Der Verein «Politischer Aschermittwoch» verortet sich am wertkonservativen Flügel der CVP. «Wir müssen diese Haltung innerhalb der Partei stärker gewichten», sagt Christian Ineichen. Der Anlass am Aschermittwoch bietet auch eine Plattform für beissende Kritik am politischen Gegner. Ineichen selber bot gestern ein Müsterchen und ritt eine Attacke gegen die Sozialdemokraten: Diese würden sich für eine «staatlich verordnete, aber von Leistungsträgern bezahlte Bequemlichkeit» einsetzen, «damit die Unterschiede zwischen arbeitsscheuen und umtriebigen Einwohnern nicht allzu offensichtlich werden».

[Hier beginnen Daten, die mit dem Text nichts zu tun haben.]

lemma closest_point_orthogonal_active_kernel:
  fixes \<alpha> :: "'i \<Rightarrow> 'a::euclidean_space"
  assumes "finite J" and T: "T = {w. \<forall>i\<in>J. \<alpha> i \<bullet> w \<le> d i}" "T \<noteq> {}"
    and u: "\<And>i. i \<in> J \<Longrightarrow> \<alpha> i \<bullet> closest_point T 0 = d i \<Longrightarrow> \<alpha> i \<bullet> u = 0"
  shows "closest_point T 0 \<bullet> u = 0"
proof -
  define w0 where "w0 = closest_point T 0"
  define J1 where "J1 = {i\<in>J. \<alpha> i \<bullet> w0 < d i}"
  have "closed T" "convex T"
    using polyhedron_halfspace_system[OF assms(1), of \<alpha> d]
    by (simp_all add: T(1) polyhedron_imp_closed polyhedron_imp_convex)
  then have w0: "w0 \<in> T" "\<forall>y\<in>T. dist 0 w0 \<le> dist 0 y"
    using closest_point_exists[OF _ T(2), of 0] by (auto simp: w0_def)
  have "\<forall>\<^sub>F y in nhds w0. \<forall>i\<in>J1. \<alpha> i \<bullet> y < d i"
    using assms(1) by (intro eventually_strict_halfspaces) (auto simp: J1_def)
  moreover have "((\<lambda>t. w0 + t *\<^sub>R u) \<longlongrightarrow> w0) (nhds 0)"
    by (auto intro!: tendsto_eq_intros filterlim_ident)
  ultimately have "\<forall>\<^sub>F t in nhds 0. \<forall>i\<in>J1. \<alpha> i \<bullet> (w0 + t *\<^sub>R u) < d i"
    by (rule eventually_compose_filterlim)
  then obtain \<delta> where "\<delta> > 0" and \<delta>: "\<And>t. \<bar>t\<bar> < \<delta> \<Longrightarrow> \<forall>i\<in>J1. \<alpha> i \<bullet> (w0 + t *\<^sub>R u) < d i"
    unfolding eventually_nhds_metric dist_real_def by auto
  have "w0 + t *\<^sub>R u \<in> T" if "\<bar>t\<bar> < \<delta>" for t
    unfolding T(1)
  proof (intro CollectI ballI)
    fix i assume "i \<in> J"
    then consider "\<alpha> i \<bullet> w0 = d i" | "i \<in> J1" using w0(1) by (force simp: T(1) J1_def)
    then show "\<alpha> i \<bullet> (w0 + t *\<^sub>R u) \<le> d i"
    proof cases
      case 1
      then show ?thesis using u[OF \<open>i \<in> J\<close>] by (simp add: w0_def inner_add_right)
    next
      case 2
      then show ?thesis using \<delta>[OF that] by (simp add: less_imp_le)
    qed
  qed
  then have "(0 - w0) \<bullet> ((w0 + t *\<^sub>R u) - w0) \<le> 0" if "\<bar>t\<bar> < \<delta>" for t
    using any_closest_point_dot[OF \<open>convex T\<close> \<open>closed T\<close> w0(1) _ w0(2)] that by blast
  from this[of "\<delta> / 2"] this[of "- \<delta> / 2"] show ?thesis
    using \<open>\<delta> > 0\<close> by (simp add: w0_def zero_le_mult_iff mult_le_0_iff)
qed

Gemäss den Statuten will der neue Verein «die traditionellen eidgenössischen Werte» wahren. Ruedi Lustenberger versteht darunter etwa die direkte Demokratie, den Föderalismus, Eigenverantwortung, Solidarität und sozialen Frieden.

Zentrale begrüsst Engagement

Und was sagt die CVP Schweiz zum Support aus dem Entlebuch? «Wir begrüssen das Engagement und freuen uns über die Unterstützung», sagt Generalsekretärin Béatrice Wertli. Es gebe viele Türen, die in das Haus der CVP-Familie führen. Wertli denkt dabei zum Beispiel an die JCVP, die CVP Frauen, die CVP 60+. «Nun gibt es einen weiteren Zugang zu unserer Politik», so Wertli.